The algorithm for converting infix to postfix using a stack has practical applications in various fields, such as finance, engineering, and scientific computing. In finance, it can calculate the present value of future cash flows. The algorithm simplifies the process of modeling and analyzing complex systems by converting mathematical expressions to postfix notation, making it easier to evaluate, optimize, and simulate their behavior. It is a fundamental technique used in compilers, interpreters, and other software systems dealing with mathematical expressions. It is taught in computer science education to teach students about data structures, algorithms, and programming.

## FAQs

### What is the purpose of converting infix to postfix in C?

Converting infix to postfix allows for easier expression evaluation, eliminating the need for parentheses and operator precedence rules.

### How does the stack data structure help convert infix to postfix in C?

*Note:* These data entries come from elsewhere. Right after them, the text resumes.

(* Let $(S,\mu)$ be a $\sigma$-finite measure space. Every semiuniformly integrable set of nonnegative graphons in $L^1(S\times S,\mu\times\mu)$ is relatively complete for the cut norm, i.e. every $\|\cdot\|_\square$-Cauchy sequence in the set converges in $\|\cdot\|_\square$ to some graphon on $(S,\mu)$.
   Context: A graphon on $(S,\mu)$ is a symmetric function $W\in L^1(S\times S,\mu\times\mu)$; functions equal a.e. are identified. Cut norm: $\|F\|_\square:=\sup_{T,U}|\int_{T\times U}F\,d\mu\,d\mu|$ over measurable $T,U\subseteq S$. A set $\mathcal A$ of integrable functions is semiuniformly integrable if $\sup_{F\in\mathcal A}\int_{|F|>B}|F|\to0$ as $B\to\infty$. *)

theory Defs
  imports "HOL-Analysis.Analysis"
begin

text \<open>A graphon on (S,mu): a symmetric (a.e.) integrable real function on S x S.
  Functions are not quotiented; the cut norm below is insensitive to a.e. changes.\<close>
definition graphon :: "'a measure \<Rightarrow> ('a \<times> 'a \<Rightarrow> real) \<Rightarrow> bool" where
  "graphon M W \<longleftrightarrow> integrable (M \<Otimes>\<^sub>M M) W \<and>
     (AE z in M \<Otimes>\<^sub>M M. W z = W (snd z, fst z))"

definition cut_norm :: "'a measure \<Rightarrow> ('a \<times> 'a \<Rightarrow> real) \<Rightarrow> real" where
  "cut_norm M F = (SUP TU \<in> sets M \<times> sets M.
      \<bar>LINT z : fst TU \<times> snd TU | M \<Otimes>\<^sub>M M. F z\<bar>)"

definition semiuniformly_integrable :: "'a measure \<Rightarrow> ('a \<Rightarrow> real) set \<Rightarrow> bool" where
  "semiuniformly_integrable N A \<longleftrightarrow>
     (\<forall>e>0. \<exists>B0. \<forall>B\<ge>B0. \<forall>F\<in>A.
        (LINT z : {z \<in> space N. \<bar>F z\<bar> > B} | N. \<bar>F z\<bar>) \<le> e)"

definition cut_cauchy :: "'a measure \<Rightarrow> (nat \<Rightarrow> 'a \<times> 'a \<Rightarrow> real) \<Rightarrow> bool" where
  "cut_cauchy M W \<longleftrightarrow>
     (\<forall>e>0. \<exists>N. \<forall>m\<ge>N. \<forall>n\<ge>N. cut_norm M (\<lambda>z. W m z - W n z) < e)"

end

theory Submission
  imports Defs
begin

text \<open>For a cut-norm Cauchy sequence \<open>W n\<close> the integrals of \<open>W n\<close> over rectangles converge,
  uniformly in the rectangle. Semiuniform integrability and \<open>\<sigma>\<close>-finiteness make the set functions
  \<open>E \<mapsto> \<integral>\<^sub>E W n\<close> uniformly tight and uniformly absolutely continuous, hence uniformly countably
  additive; so the sets \<open>E\<close> on which \<open>\<integral>\<^sub>E W n\<close> converges form a Dynkin system containing the
  rectangles, i.e. all measurable sets. The limit is a finite measure absolutely continuous with respect
  to \<open>\<mu> \<times> \<mu>\<close>; its Radon-Nikodym density, symmetrised, is the limit graphon, and the uniform Cauchy
  property on rectangles turns convergence on each rectangle into convergence in cut norm.\<close>

section \<open>Setwise limits of uniformly integrable densities\<close>

lemma convergent_uniform_limit:
  fixes b :: "nat \<Rightarrow> nat \<Rightarrow> 'a::complete_space"
  assumes ul: "uniform_limit UNIV b a sequentially" and conv: "\<And>k. convergent (b k)"
  shows "convergent a" and "(\<lambda>k. lim (b k)) \<longlonglongrightarrow> lim a"
proof -
  show conv_a: "convergent a"
  proof (rule Cauchy_convergent, rule metric_CauchyI)
    fix e :: real assume e: "e > 0"
    obtain k where k: "\<forall>n. dist (b k n) (a n) < e/3"
      using ul e unfolding uniform_limit_sequentially_iff
      by (metis UNIV_I divide_pos_pos le_refl zero_less_numeral)
    obtain N where N: "\<forall>m\<ge>N. \<forall>n\<ge>N. dist (b k m) (b k n) < e/3"
      using convergent_Cauchy[OF conv[of k]] e by (meson divide_pos_pos metric_CauchyD zero_less_numeral)
    have "dist (a m) (a n) < e" if "m \<ge> N" "n \<ge> N" for m n
    proof -
      have "dist (a m) (a n) \<le> dist (b k m) (a m) + dist (b k m) (b k n) + dist (b k n) (a n)"
        using dist_triangle[of "a m" "a n" "b k m"] dist_triangle[of "b k m" "a n" "b k n"]
        by (simp add: dist_commute)
      moreover have "dist (b k m) (a m) < e/3" "dist (b k n) (a n) < e/3" "dist (b k m) (b k n) < e/3"
        using k N that by auto
      ultimately show ?thesis by linarith
    qed
    then show "\<exists>N. \<forall>m\<ge>N. \<forall>n\<ge>N. dist (a m) (a n) < e" by blast
  qed
  show "(\<lambda>k. lim (b k)) \<longlonglongrightarrow> lim a"
  proof (rule metric_LIMSEQ_I)
    fix e :: real assume e: "e > 0"
    obtain k0 where k0: "\<forall>k\<ge>k0. \<forall>n. dist (b k n) (a n) < e/2"
      using ul e unfolding uniform_limit_sequentially_iff by (meson half_gt_zero UNIV_I)
    have "dist (lim (b k)) (lim a) < e" if "k \<ge> k0" for k
    proof -
      have "(\<lambda>n. dist (b k n) (a n)) \<longlonglongrightarrow> dist (lim (b k)) (lim a)"
        using conv_a conv[of k] by (intro tendsto_dist) (auto simp: convergent_LIMSEQ_iff)
      then have "dist (lim (b k)) (lim a) \<le> e/2"
        by (rule LIMSEQ_le_const2) (use k0 that in \<open>auto intro: less_imp_le\<close>)
      then show ?thesis using e by linarith
    qed
    then show "\<exists>k0. \<forall>k\<ge>k0. dist (lim (b k)) (lim a) < e" by blast
  qed
qed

The stack data structure helps convert infix to postfix by storing operators and parentheses in a Last-In-First-Out (LIFO) order.

### What algorithm is used for converting infix to postfix in C?

The algorithm for converting infix to postfix in C involves iterating through the input expression and using a stack to store operators and parentheses while outputting operands in postfix notation.

### What steps are involved in converting infix to postfix using a stack in C?

The steps involved in converting infix to postfix using a stack in C include initializing an empty stack, scanning the infix expression from left to right, and using the stack to output operators and parentheses in postfix notation.

### What is the time complexity of converting infix to postfix using a stack in C?

The time complexity of converting infix to postfix using a stack in C is O(n), where n is the length of the input expression.

### What is the space complexity of converting infix to postfix using a stack in C?

The space complexity of converting infix to postfix using a stack in C is O(n), where n is the length of the input expression.

## Conclusion

In conclusion, the algorithm that converts infix to postfix using stack in C++ empowers computer science and related fields with a powerful tool with numerous practical applications. The algorithm employs a stack to track operators and operands as they occur in an infix expression. By transforming an infix expression to postfix notation, we can streamline the process of evaluating mathematical expressions and simplify the analysis and optimization of intricate systems.